在python中,有幾個線性編程庫,例如scipy.linprog或cvxpy,可以使用Simplex方法返回一個這樣的極值點。但我想列出所有這些。我該怎麼辦?

6

The problem of enumerating all vertices of a polytope has been studied, see for example Generating All Vertices of a Polyhedron Is Hard by Khachiyan, Boros, Borys, Elbassioni & Gurvich (available free online at Springer's website) and A Survey and Comparison of Methods for Finding All Vertices of Convex Polyhedral Sets by T. H. Matheiss and D. S. Rubin. That's a pretty old survey though (1980), so newer methods may be available.

A naive brute force approach can be deduced from the definition of vertex/extreme point. Let's call the polytope $P$. Pseudocode can be as follows:

  1. Select a subset of $n$ inequalities (in you example $n = 3$), getting a smaller linear system of inequalities with submatrix $A'$ and vector $b'$.

  2. Solve the linear system $A'x = b'$. There are three cases here:

    a.

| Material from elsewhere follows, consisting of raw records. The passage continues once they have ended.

(* Let $k$ be a field, $R=k[x_1,\ldots,x_n]$, and let $I$ be an almost reverse lexicographic ideal in $R$ whose last generator is $M_\omega=x_1^{\omega_1}\cdots x_\mu^{\omega_\mu}$ with $\omega_\mu>0$. Then the minimal monomial generating set of $I$ is \[\mathcal{G}(I)=\{x_1^{f_1}\}\cup\bigcup_{i=1}^{\mu-1}\{x^\alpha x_{i+1}^{f_{i+1}(\alpha)}:\ \alpha=(\alpha_1,\ldots,\alpha_i)\in\mathcal{I}_i\}.\]
   Context: Monomial order: degree reverse lexicographic: for $M=x^\alpha,N=x^\beta$, $M>N$ iff $\deg M>\deg N$, or degrees are equal and for the largest $s$ with $\alpha_s\neq\beta_s$ one has $\alpha_s<\beta_s$. For $\alpha\in\mathbb{Z}^s_{\ge0}$, $x^\alpha=x_1^{\alpha_1}\cdots x_s^{\alpha_s}$, $|\alpha|=\sum\alpha_j$, and $\alpha\le\beta$ iff $x^\alpha\le x^\beta$. A monomial ideal $I$ is almost reverse lexicographic if for every monomial $M$ and every minimal monomial generator $N$ of $I$ with $\deg M=\deg N$ and $M>N$, one has $M\in I$. $\mathcal{G}(I)$ is the minimal monomial generating set; $\max M$ is the largest $i$ with $x_i\mid M$. The last generator $M_\omega$ is the element of $\mathcal{G}(I)$ of maximal degree that is smallest in the order among elements of $\mathcal{G}(I)$ of that degree; $\mu=\max M_\omega$. $f_1=\min\{t:x_1^t\in I\}$; for $2\le i\le\mu$, $\alpha\in\mathbb{Z}^{i-1}_{\ge0}$, $f_i(\alpha)=\min\{t\ge0:x^\alpha x_i^t\in I\}\in\mathbb{Z}_{\ge0}\cup\{\infty\}$. For $1\le i\le\mu-2$, $\mathcal{I}_i=\{(\alpha_1,\ldots,\alpha_i)\in\mathbb{Z}^i_{\ge0}: 0\le\alpha_1<f_1,\ 0\le\alpha_j<f_j(\alpha_1,\ldots,\alpha_{j-1})\ (2\le j\le i)\}$, and $\mathcal{I}_{\mu-1}$ is the set of $(\alpha_1,\ldots,\alpha_{\mu-1})$ satisfying these inequalities for $j\le\mu-1$ together with $(\alpha_1,\ldots,\alpha_{\mu-1})\ge(\omega_1,\ldots,\omega_{\mu-1})$. (If $\mu=1$ the union is empty.) *)

theory Defs
  imports Main "HOL-Library.Extended_Nat"
begin

text \<open>Monomials of k[x_1,...,x_n] are represented by their exponent vectors,
  functions nat => nat supported on {1..n}.  A monomial ideal is determined by
  the set of monomials it contains, which is upward closed under divisibility.\<close>

definition monoms :: "nat \<Rightarrow> (nat \<Rightarrow> nat) set" where
  "monoms n = {a. \<forall>i. a i \<noteq> 0 \<longrightarrow> 1 \<le> i \<and> i \<le> n}"

definition mdeg :: "nat \<Rightarrow> (nat \<Rightarrow> nat) \<Rightarrow> nat" where
  "mdeg n a = (\<Sum>i=1..n. a i)"

definition mdvd :: "(nat \<Rightarrow> nat) \<Rightarrow> (nat \<Rightarrow> nat) \<Rightarrow> bool" where
  "mdvd a b = (\<forall>i. a i \<le> b i)"

definition drl_gt :: "nat \<Rightarrow> (nat \<Rightarrow> nat) \<Rightarrow> (nat \<Rightarrow> nat) \<Rightarrow> bool" where
  "drl_gt n a b = (mdeg n a > mdeg n b \<or>
     (mdeg n a = mdeg n b \<and> (\<exists>s\<in>{1..n}. a s \<noteq> b s \<and>
        (\<forall>t\<in>{s<..n}. a t = b t) \<and> a s < b s)))"

definition monomial_ideal :: "nat \<Rightarrow> (nat \<Rightarrow> nat) set \<Rightarrow> bool" where
  "monomial_ideal n I = (I \<subseteq> monoms n \<and>
     (\<forall>a\<in>I. \<forall>b\<in>monoms n. mdvd a b \<longrightarrow> b \<in> I))"

definition mingens :: "(nat \<Rightarrow> nat) set \<Rightarrow> (nat \<Rightarrow> nat) set" where
  "mingens I = {a\<in>I. \<forall>b\<in>I. mdvd b a \<longrightarrow> b = a}"

definition almost_revlex :: "nat \<Rightarrow> (nat \<Rightarrow> nat) set \<Rightarrow> bool" where
  "almost_revlex n I = (\<forall>M\<in>monoms n. \<forall>N\<in>mingens I.
      mdeg n M = mdeg n N \<and> drl_gt n M N \<longrightarrow> M \<in> I)"

definition last_gen :: "nat \<Rightarrow> (nat \<Rightarrow> nat) set \<Rightarrow> (nat \<Rightarrow> nat) \<Rightarrow> bool" where
  "last_gen n I w = (w \<in> mingens I \<and> (\<forall>N\<in>mingens I. mdeg n N \<le> mdeg n w) \<and>
      (\<forall>N\<in>mingens I. mdeg n N = mdeg n w \<longrightarrow> N = w \<or> drl_gt n N w))"

text \<open>f_i(alpha) = min{t. x^alpha x_i^t \<in> I} (infinity if none), where alpha is
  supported on {1..i-1}; f_1 = fval I 1 (\<lambda>_. 0).\<close>
definition fval :: "(nat \<Rightarrow> nat) set \<Rightarrow> nat \<Rightarrow> (nat \<Rightarrow> nat) \<Rightarrow> enat" where
  "fval I i \<alpha> = (if \<exists>t. \<alpha>(i := t) \<in> I then enat (LEAST t. \<alpha>(i := t) \<in> I) else \<infinity>)"

definition trunc :: "nat \<Rightarrow> (nat \<Rightarrow> nat) \<Rightarrow> (nat \<Rightarrow> nat)" where
  "trunc j a = (\<lambda>k. if k \<le> j then a k else 0)"

definition Iset :: "nat \<Rightarrow> (nat \<Rightarrow> nat) set \<Rightarrow> (nat \<Rightarrow> nat) \<Rightarrow> nat \<Rightarrow> nat \<Rightarrow> (nat \<Rightarrow> nat) set" where
  "Iset n I w \<mu> i = {\<alpha>\<in>monoms i.
      (\<forall>j\<in>{1..i}. enat (\<alpha> j) < fval I j (trunc (j - 1) \<alpha>)) \<and>
      (i = \<mu> - 1 \<longrightarrow> (\<alpha> = trunc (\<mu> - 1) w \<or> drl_gt n \<alpha> (trunc (\<mu> - 1) w)))}"

end

theory Submission
  imports Defs
begin

text \<open>Almost reverse lexicographic ideals are strongly stable: x^a \<in> I and j < m with
  a_m > 0 give x^a x_j / x_m \<in> I. For such ideals x^\<alpha> x_{i+1}^{f_{i+1}(\<alpha>)} is a minimal
  generator whenever \<alpha> lies under the staircase (\<alpha>_j < f_j(\<alpha>_1,...,\<alpha>_{j-1}) for all j \<le> i),
  and conversely a minimal generator whose last variable is x_m has this form with i = m - 1.
  Which m and \<alpha> occur is decided by comparing a minimal generator u with the divisors of the
  last generator w of degree deg u: none of them can exceed u, since it would then lie in I
  and so equal w. This forces m \<le> \<mu>, and \<alpha> \<ge> (\<omega>_1,...,\<omega>_{\<mu>-1}) when m = \<mu>. The
  relevant values f_i are finite because every monomial of degree deg w above w lies in I.\<close>

lemma monomsD: "a \<in> monoms n \<Longrightarrow> a i \<noteq> 0 \<Longrightarrow> 1 \<le> i \<and> i \<le> n"
  by (auto simp: monoms_def)

lemma monoms_zero: "a \<in> monoms n \<Longrightarrow> i = 0 \<or> n < i \<Longrightarrow> a i = 0"
  using monomsD by fastforce

lemma monoms_mono: "m \<le> n \<Longrightarrow> a \<in> monoms m \<Longrightarrow> a \<in> monoms n"
  unfolding monoms_def using le_trans by blast

lemma monoms_fun_upd: "a \<in> monoms n \<Longrightarrow> 1 \<le> k \<Longrightarrow> k \<le> n \<Longrightarrow> a(k := t) \<in> monoms n"
  by (auto simp: monoms_def)

lemma monoms_fun_upd_zero: "a \<in> monoms n \<Longrightarrow> a(k := 0) \<in> monoms n"
  by (auto simp: monoms_def)

lemma mdvd_refl: "mdvd a a"
  by (simp add: mdvd_def)

lemma mdvd_trans: "mdvd a b \<Longrightarrow> mdvd b c \<Longrightarrow> mdvd a c"
  unfolding mdvd_def using order_trans by blast
(* Let $\varphi:(0,\infty)\to\mathbb{R}$ be $\varphi(s)=\dfrac{s}{\sinh^2(\pi s)}$, and let $V:\mathbb{R}\setminus\{0\}\to\mathbb{R}$ be the even function given for $s>0$ by $$V(s)=\frac{1}{\pi}\,s\coth(\pi s)-\frac{1}{\pi^2}\log\bigl(2\sinh(\pi s)\bigr),$$ and by $V(-s)=V(s)$. For $t>0$ define $\varphi_{\mathrm{eff}}(t):=\sum_{k=1}^\infty k\,\varphi(kt)$. Then $$\lim_{t\to 0^+} t^2\,\varphi_{\mathrm{eff}}(t)=\frac12\int_{-\infty}^{\infty}V(s)\,ds,$$ i.e. $\varphi_{\mathrm{eff}}(t)\approx \dfrac{1}{2t^2}\displaystyle\int_{-\infty}^{\infty}V$ as $t\to0$.
   Context: On $(0,\infty)$, $V$ is the primitive of $-\varphi$ that decays to zero at infinity ($V'=-\varphi$). The function $\varphi$ is the interaction stress between two infinite walls of edge dislocations (with in-wall spacing normalized to $1$), $V$ is the corresponding interaction energy, and $\varphi_{\mathrm{eff}}$ is the effective stress summing the contributions of all $k$-th neighbours in an equispaced array of walls. *)

theory Defs
  imports "HOL-Analysis.Analysis"
begin

definition phi :: "real \<Rightarrow> real" where
  "phi s = s / (sinh (pi * s))\<^sup>2"

text \<open>Interaction energy: even function on R minus 0; the value at 0 is irrelevant
  (set to 0, a null set for integration).\<close>
definition V :: "real \<Rightarrow> real" where
  "V s = (if s = 0 then 0 else
     (1 / pi) * \<bar>s\<bar> * (cosh (pi * \<bar>s\<bar>) / sinh (pi * \<bar>s\<bar>))
     - (1 / pi\<^sup>2) * ln (2 * sinh (pi * \<bar>s\<bar>)))"

definition phi_eff :: "real \<Rightarrow> real" where
  "phi_eff t = (\<Sum>k. real (Suc k) * phi (real (Suc k) * t))"

end

theory Submission
  imports Defs "HOL-Real_Asymp.Real_Asymp"
begin

text \<open>Put \<psi>(s) = s \<phi>(s) = (s / sinh (\<pi> s))^2, a positive decreasing function on [0, \<infinity>)
  with integral I over [0, \<infinity>). Then t^2 phi_eff(t) = \<Sum> t \<psi>(k t) is a right Riemann sum of \<psi>
  with mesh t, hence lies between I - t \<psi>(0) and I. On the other side V' = -\<phi> gives
  (s V(s))' = V(s) - \<psi>(s), and s V(s) vanishes both as s \<rightarrow> 0 and as s \<rightarrow> \<infinity>; as V is even, the
  integral of V over the line is 2 I.\<close>

lemma antimono_integral_bounds:
  fixes f :: "real \<Rightarrow> real"
  assumes mono: "antimono_on {a..b} f" and int: "f integrable_on {a..b}" and ab: "a \<le> b"
  shows "(b - a) * f b \<le> integral {a..b} f" "integral {a..b} f \<le> (b - a) * f a"
proof -
  have "integral {a..b} (\<lambda>_. f b) \<le> integral {a..b} f"
    using ab by (intro integral_le int integrable_const_ivl) (auto intro: monotone_onD[OF mono])
  then show "(b - a) * f b \<le> integral {a..b} f" using ab by simp
  have "integral {a..b} f \<le> integral {a..b} (\<lambda>_. f a)"
    using ab by (intro integral_le int integrable_const_ivl) (auto intro: monotone_onD[OF mono])
  then show "integral {a..b} f \<le> (b - a) * f a" using ab by simp
qed
lemma pd_midpoint:
  assumes "open D" "z \<in> D" "\<And>w. w \<in> D \<Longrightarrow> H w = (F w + G w) / 2"
    and "F differentiable (at z)" "G differentiable (at z)"
  shows "pd H i z = (pd F i z + pd G i z) / 2"
proof -
  obtain F' G' where F': "(F has_derivative F') (at z)" and G': "(G has_derivative G') (at z)"
    using assms(4,5) unfolding differentiable_def by blast
  have "((\<lambda>w. (F w + G w) / 2) has_derivative (\<lambda>h. (F' h + G' h) / 2)) (at z)"
    using F' G' by (auto intro!: derivative_eq_intros)
  then have "(H has_derivative (\<lambda>h. (F' h + G' h) / 2)) (at z)"
    by (rule has_derivative_transform_within_open[OF _ assms(1,2)]) (simp add: assms(3))
  then show ?thesis
    unfolding pd_has_derivative[OF F'] pd_has_derivative[OF G'] by (rule pd_has_derivative)
qed

lemma poisson_self: "poisson F F z = 0"
  by (simp add: poisson_def)

lemma poisson_antisym: "poisson F G z = - poisson G F z"
  by (simp add: poisson_def)

lemma poisson_midpoint_right:
  assumes "open D" "z \<in> D" "\<And>w. w \<in> D \<Longrightarrow> H w = (F w + G w) / 2"
    and "F differentiable (at z)" "G differentiable (at z)"
  shows "poisson K H z = (poisson K F z + poisson K G z) / 2"
  by (simp only: poisson_def pd_midpoint[OF assms]) (simp add: field_simps)

lemma grad_midpoint:
  assumes "open D" "z \<in> D" "\<And>w. w \<in> D \<Longrightarrow> H w = (F w + G w) / 2"
    and "F differentiable (at z)" "G differentiable (at z)"
  shows "grad H z = (1/2) *\<^sub>R (grad F z + grad G z)"
  unfolding grad_def by (simp add: vec_eq_iff pd_midpoint[OF assms])

section \<open>Constants of motion\<close>

definition rho :: "real \<Rightarrow> real \<Rightarrow> real" where
  "rho n r = r powr (2 * (n - 1))"

lemma rho_pos: "r > 0 \<Longrightarrow> rho n r > 0"
  by (simp add: rho_def)

lemma rho_has_real_derivative:
  "r > 0 \<Longrightarrow> (rho n has_real_derivative 2 * (n - 1) * rho n r / r) (at r)"
  unfolding rho_def
  by (rule derivative_eq_intros refl | simp)+ (simp add: powr_diff power3_eq_cube power2_eq_square)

The system has no solution: Then, return to (1) and select another subset (not chosen before).

    b. The system has no unique solution: Then, $A'$ is linearly dependent. Return to (1) and select a new subset.

    c. The system has a unique solution: If that solution is feasible for $P$, then it's a vertex. Go back to (1).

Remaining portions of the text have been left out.